- [TASK INSTRUCTIONS]:
Filter the listing below, copying every line in which the word "ccontr" appears.

___ GIVEN RECORDS ___

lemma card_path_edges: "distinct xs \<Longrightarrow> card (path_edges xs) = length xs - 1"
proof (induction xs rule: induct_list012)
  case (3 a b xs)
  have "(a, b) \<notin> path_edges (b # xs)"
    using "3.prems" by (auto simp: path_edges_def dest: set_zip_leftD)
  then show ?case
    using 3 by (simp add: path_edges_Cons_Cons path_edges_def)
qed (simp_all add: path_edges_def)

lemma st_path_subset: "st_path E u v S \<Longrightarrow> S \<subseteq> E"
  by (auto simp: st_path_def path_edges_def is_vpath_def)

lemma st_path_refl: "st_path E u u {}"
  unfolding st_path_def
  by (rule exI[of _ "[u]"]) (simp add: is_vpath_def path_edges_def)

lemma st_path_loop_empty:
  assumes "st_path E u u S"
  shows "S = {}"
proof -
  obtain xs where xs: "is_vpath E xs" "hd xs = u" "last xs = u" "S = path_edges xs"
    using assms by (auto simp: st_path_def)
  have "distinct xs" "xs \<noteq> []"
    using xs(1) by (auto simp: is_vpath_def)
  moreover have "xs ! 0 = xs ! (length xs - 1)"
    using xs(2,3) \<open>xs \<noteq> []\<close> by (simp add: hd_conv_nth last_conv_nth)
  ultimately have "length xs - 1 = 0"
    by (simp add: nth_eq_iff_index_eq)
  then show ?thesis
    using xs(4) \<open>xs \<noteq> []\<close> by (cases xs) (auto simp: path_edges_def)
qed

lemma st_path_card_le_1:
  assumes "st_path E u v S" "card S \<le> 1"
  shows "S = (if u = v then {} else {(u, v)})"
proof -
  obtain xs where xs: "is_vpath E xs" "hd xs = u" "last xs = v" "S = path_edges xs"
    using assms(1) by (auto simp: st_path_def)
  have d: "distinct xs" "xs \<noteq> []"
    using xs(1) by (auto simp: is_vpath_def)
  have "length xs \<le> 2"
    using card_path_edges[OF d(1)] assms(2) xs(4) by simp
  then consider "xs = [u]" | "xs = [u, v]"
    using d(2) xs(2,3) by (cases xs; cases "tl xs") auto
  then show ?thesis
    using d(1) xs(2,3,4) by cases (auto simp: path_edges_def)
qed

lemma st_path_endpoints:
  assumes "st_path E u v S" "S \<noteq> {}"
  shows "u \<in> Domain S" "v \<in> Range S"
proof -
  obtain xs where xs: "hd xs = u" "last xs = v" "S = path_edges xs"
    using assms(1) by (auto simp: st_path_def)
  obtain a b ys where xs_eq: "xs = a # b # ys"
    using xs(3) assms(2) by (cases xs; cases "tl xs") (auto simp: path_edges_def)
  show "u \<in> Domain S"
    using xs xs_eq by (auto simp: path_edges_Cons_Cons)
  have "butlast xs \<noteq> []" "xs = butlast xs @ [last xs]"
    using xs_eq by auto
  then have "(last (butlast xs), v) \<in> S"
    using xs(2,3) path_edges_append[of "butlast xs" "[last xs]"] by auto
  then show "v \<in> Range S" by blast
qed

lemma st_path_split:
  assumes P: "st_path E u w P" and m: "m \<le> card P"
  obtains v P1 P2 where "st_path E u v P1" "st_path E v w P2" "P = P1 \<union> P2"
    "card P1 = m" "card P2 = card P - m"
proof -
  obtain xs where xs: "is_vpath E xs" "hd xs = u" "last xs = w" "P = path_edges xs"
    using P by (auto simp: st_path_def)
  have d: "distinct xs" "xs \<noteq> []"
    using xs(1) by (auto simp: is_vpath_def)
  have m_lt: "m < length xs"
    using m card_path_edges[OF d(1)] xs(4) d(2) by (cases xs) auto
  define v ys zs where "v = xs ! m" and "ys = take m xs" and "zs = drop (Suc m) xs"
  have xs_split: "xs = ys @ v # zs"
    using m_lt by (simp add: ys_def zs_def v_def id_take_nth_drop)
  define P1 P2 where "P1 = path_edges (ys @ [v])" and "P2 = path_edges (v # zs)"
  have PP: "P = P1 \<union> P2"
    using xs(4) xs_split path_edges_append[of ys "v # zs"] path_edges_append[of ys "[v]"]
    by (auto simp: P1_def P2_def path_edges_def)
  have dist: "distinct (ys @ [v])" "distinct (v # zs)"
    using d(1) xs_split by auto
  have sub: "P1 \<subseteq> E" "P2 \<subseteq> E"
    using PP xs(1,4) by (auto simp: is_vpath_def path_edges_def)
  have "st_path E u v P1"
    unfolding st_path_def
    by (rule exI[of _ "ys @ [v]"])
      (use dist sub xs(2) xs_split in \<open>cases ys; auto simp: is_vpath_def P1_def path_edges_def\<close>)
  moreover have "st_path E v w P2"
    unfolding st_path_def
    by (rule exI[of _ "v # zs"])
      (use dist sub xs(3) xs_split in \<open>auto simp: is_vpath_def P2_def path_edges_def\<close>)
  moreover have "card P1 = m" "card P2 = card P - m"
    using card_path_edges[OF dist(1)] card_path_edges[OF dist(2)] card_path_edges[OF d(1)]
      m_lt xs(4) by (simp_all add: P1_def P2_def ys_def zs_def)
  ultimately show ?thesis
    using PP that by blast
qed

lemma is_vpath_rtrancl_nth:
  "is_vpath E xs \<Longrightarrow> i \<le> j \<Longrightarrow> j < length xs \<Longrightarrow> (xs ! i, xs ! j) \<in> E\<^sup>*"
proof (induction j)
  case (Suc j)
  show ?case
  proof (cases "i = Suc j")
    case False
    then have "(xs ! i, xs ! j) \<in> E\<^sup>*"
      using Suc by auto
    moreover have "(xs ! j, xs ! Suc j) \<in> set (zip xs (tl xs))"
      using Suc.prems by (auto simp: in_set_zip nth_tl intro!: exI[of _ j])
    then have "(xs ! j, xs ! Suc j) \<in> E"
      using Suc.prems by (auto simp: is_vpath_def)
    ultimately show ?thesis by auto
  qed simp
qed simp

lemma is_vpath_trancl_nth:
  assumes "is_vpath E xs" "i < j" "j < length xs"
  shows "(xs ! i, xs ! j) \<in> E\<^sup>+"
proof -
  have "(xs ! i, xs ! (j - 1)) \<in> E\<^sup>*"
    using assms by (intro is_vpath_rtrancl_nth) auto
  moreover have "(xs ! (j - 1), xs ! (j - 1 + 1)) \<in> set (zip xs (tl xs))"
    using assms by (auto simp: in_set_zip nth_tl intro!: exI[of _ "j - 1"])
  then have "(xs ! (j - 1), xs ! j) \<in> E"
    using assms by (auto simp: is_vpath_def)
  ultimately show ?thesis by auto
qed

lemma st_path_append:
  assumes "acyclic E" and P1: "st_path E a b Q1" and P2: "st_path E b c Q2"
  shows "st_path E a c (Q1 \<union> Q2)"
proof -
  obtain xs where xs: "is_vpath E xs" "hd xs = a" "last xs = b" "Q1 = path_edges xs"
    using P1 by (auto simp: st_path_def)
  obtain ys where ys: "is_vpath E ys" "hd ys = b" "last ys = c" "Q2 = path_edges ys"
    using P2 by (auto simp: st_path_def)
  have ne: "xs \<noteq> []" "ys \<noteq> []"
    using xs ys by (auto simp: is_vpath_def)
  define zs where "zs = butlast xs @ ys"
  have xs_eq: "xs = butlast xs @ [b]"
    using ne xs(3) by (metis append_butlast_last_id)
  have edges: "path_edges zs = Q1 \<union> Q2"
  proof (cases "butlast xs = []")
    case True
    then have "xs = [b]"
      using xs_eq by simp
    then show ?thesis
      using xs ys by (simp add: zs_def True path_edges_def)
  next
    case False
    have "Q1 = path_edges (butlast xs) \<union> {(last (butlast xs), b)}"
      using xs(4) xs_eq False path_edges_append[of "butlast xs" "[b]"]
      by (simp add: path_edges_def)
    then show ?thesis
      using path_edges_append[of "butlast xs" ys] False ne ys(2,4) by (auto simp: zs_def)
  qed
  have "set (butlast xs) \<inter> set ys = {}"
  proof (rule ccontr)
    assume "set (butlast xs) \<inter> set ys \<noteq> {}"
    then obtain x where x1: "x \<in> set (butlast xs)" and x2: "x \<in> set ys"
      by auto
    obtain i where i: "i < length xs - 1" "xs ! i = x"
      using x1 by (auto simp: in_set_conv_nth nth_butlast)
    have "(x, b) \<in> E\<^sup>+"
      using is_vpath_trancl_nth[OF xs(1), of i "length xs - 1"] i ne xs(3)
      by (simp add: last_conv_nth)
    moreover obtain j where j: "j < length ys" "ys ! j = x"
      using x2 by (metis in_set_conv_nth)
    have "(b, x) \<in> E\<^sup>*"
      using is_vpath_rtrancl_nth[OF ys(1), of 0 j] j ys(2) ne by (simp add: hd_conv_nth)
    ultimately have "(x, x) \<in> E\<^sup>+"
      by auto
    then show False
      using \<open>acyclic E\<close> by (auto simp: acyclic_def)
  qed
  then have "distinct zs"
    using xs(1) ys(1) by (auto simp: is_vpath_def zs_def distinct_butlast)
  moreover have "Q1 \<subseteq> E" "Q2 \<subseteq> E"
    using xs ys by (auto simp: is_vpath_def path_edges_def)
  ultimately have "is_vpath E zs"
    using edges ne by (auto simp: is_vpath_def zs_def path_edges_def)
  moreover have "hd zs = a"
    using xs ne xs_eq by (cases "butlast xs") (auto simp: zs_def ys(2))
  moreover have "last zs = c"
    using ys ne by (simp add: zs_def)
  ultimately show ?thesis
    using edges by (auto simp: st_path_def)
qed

___
___ GIVEN RECORDS ___

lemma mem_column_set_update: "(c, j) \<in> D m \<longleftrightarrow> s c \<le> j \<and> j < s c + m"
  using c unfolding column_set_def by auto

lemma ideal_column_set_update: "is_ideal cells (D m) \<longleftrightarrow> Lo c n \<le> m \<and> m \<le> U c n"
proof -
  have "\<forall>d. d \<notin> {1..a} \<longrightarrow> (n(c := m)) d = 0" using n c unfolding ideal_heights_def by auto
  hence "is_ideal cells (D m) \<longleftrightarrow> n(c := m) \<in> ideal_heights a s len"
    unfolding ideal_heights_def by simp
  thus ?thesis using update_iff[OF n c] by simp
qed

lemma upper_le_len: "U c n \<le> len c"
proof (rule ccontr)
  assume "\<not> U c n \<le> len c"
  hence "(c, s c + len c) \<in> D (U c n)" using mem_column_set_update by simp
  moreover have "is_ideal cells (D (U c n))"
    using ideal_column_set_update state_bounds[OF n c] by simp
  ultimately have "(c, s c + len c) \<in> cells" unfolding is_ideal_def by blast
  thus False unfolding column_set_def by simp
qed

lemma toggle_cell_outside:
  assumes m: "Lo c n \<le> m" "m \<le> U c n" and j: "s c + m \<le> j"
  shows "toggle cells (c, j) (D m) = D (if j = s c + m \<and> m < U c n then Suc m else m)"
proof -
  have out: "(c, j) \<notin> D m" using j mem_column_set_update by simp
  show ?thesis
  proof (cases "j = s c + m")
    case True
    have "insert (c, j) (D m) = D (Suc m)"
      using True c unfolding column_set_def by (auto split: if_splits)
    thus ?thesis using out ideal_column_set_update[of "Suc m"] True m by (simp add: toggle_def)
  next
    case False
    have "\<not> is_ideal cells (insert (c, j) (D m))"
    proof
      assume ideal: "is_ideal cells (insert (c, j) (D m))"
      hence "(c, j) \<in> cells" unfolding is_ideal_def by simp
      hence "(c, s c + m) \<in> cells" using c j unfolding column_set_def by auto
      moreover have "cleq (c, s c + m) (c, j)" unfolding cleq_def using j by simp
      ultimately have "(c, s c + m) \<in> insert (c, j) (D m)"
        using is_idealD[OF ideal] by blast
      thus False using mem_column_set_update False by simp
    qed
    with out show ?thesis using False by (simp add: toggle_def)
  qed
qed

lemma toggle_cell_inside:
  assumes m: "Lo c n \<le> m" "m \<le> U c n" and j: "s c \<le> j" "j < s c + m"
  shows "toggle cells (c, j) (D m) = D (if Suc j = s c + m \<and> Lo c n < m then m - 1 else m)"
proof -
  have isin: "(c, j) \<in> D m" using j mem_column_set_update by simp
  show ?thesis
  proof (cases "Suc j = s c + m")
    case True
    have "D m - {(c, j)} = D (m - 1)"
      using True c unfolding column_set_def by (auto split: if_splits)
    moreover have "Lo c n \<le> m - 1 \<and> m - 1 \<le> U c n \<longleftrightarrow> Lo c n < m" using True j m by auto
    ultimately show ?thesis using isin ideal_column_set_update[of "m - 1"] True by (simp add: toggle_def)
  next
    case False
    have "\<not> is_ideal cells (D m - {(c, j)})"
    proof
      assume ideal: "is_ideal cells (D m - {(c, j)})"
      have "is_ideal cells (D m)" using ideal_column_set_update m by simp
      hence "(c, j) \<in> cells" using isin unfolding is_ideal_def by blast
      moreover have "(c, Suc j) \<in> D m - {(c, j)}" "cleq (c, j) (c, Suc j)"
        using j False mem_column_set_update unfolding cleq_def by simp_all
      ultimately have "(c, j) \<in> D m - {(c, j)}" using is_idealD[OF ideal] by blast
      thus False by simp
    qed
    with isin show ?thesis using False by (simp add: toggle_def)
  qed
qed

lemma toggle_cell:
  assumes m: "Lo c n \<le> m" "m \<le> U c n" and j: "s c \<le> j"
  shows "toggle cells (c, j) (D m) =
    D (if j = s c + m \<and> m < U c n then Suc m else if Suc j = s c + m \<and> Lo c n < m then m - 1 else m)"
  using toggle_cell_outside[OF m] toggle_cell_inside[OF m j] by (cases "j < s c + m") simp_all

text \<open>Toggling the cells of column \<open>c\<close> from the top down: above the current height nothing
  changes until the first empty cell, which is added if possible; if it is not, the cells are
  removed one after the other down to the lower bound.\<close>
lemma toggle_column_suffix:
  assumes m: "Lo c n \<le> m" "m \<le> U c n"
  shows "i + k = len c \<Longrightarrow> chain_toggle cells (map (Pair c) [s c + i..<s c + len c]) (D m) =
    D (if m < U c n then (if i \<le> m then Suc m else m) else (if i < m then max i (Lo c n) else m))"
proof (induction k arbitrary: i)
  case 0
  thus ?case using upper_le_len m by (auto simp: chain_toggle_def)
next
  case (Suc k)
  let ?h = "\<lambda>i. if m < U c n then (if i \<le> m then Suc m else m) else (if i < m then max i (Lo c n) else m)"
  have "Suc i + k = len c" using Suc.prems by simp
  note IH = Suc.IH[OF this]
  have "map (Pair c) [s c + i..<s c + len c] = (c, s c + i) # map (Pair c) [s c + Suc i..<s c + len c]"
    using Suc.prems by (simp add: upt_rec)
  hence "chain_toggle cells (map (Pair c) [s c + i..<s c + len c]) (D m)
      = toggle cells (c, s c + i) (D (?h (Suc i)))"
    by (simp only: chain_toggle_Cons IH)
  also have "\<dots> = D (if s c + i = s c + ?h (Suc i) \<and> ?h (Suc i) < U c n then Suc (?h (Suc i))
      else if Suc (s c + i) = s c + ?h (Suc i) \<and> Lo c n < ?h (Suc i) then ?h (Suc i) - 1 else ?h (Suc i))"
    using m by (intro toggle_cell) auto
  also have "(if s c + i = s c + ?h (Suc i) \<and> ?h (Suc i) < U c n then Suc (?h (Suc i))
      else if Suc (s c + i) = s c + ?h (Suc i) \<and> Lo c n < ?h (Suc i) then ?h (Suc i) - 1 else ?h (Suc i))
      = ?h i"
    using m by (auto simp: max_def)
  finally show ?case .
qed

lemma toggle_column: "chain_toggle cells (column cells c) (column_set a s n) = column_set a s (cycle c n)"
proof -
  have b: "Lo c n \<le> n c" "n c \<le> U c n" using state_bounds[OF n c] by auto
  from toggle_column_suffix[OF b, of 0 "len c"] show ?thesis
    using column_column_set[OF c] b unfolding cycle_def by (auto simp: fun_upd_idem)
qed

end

___
___ GIVEN RECORDS ___

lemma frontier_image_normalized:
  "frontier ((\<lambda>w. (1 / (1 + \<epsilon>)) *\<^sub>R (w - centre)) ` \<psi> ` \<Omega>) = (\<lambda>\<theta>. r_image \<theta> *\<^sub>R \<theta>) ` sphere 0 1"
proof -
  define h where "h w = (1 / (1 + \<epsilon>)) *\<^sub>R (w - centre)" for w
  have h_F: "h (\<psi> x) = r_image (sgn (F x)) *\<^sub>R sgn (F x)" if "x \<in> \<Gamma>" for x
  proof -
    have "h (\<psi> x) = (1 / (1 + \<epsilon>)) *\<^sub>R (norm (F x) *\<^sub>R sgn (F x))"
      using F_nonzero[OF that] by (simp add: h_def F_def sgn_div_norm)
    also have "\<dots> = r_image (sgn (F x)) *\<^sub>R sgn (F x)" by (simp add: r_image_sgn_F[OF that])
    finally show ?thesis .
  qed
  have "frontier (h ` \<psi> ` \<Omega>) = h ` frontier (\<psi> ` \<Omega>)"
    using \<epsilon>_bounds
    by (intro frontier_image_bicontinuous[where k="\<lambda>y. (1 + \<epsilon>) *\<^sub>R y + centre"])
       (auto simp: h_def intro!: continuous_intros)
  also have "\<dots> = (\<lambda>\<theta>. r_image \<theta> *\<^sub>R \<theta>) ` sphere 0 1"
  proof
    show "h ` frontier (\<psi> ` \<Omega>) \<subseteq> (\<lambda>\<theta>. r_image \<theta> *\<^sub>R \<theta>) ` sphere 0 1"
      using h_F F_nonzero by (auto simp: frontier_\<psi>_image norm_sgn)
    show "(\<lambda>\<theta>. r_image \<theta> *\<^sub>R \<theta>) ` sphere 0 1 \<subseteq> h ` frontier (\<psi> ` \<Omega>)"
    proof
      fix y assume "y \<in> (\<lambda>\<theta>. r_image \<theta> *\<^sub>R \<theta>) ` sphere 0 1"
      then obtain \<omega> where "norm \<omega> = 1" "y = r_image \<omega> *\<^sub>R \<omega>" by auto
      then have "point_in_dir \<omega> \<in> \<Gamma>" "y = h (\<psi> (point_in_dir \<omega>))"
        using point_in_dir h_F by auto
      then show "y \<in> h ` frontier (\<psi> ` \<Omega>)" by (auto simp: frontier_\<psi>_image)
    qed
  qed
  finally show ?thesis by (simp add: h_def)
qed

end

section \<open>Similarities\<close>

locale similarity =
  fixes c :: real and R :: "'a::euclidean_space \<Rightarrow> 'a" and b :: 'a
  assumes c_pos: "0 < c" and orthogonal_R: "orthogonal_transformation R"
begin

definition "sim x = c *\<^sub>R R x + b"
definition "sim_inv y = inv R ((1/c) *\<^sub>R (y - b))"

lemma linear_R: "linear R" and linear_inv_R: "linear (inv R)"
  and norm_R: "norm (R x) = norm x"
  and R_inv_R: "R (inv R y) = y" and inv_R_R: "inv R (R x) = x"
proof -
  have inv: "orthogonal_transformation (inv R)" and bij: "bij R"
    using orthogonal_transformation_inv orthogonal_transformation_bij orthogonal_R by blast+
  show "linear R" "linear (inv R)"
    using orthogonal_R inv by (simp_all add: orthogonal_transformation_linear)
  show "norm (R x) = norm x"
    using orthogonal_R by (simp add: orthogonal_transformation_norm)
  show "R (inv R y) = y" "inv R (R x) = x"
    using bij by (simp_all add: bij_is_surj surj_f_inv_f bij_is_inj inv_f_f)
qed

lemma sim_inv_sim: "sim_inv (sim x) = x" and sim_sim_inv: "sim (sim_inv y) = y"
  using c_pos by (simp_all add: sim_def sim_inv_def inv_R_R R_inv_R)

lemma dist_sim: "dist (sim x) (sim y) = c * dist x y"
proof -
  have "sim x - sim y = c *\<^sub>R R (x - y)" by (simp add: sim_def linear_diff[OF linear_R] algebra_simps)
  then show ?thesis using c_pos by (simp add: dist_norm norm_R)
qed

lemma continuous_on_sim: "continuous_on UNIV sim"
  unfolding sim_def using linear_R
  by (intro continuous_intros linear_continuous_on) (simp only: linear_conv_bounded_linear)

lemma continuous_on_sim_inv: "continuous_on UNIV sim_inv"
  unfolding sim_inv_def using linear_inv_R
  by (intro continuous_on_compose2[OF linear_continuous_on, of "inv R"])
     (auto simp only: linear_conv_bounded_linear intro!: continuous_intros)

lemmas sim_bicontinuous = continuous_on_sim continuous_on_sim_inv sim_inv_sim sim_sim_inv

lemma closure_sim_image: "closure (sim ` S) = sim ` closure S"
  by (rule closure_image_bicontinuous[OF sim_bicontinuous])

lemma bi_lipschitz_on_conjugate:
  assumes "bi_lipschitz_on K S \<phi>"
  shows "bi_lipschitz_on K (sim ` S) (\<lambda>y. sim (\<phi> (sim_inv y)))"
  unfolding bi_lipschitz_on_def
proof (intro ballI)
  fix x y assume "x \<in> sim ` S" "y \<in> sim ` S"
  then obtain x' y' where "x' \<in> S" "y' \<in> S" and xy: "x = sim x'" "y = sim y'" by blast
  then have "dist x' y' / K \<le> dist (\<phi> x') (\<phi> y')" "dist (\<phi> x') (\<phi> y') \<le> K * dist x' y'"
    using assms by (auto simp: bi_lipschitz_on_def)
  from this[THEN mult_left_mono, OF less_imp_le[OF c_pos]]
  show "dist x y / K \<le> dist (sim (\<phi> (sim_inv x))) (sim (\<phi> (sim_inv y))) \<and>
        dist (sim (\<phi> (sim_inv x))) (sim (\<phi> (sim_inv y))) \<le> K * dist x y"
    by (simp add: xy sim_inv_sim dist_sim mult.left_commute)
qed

___

- [RESULT OF THE TASK]:
  proof (rule ccontr)
proof (rule ccontr)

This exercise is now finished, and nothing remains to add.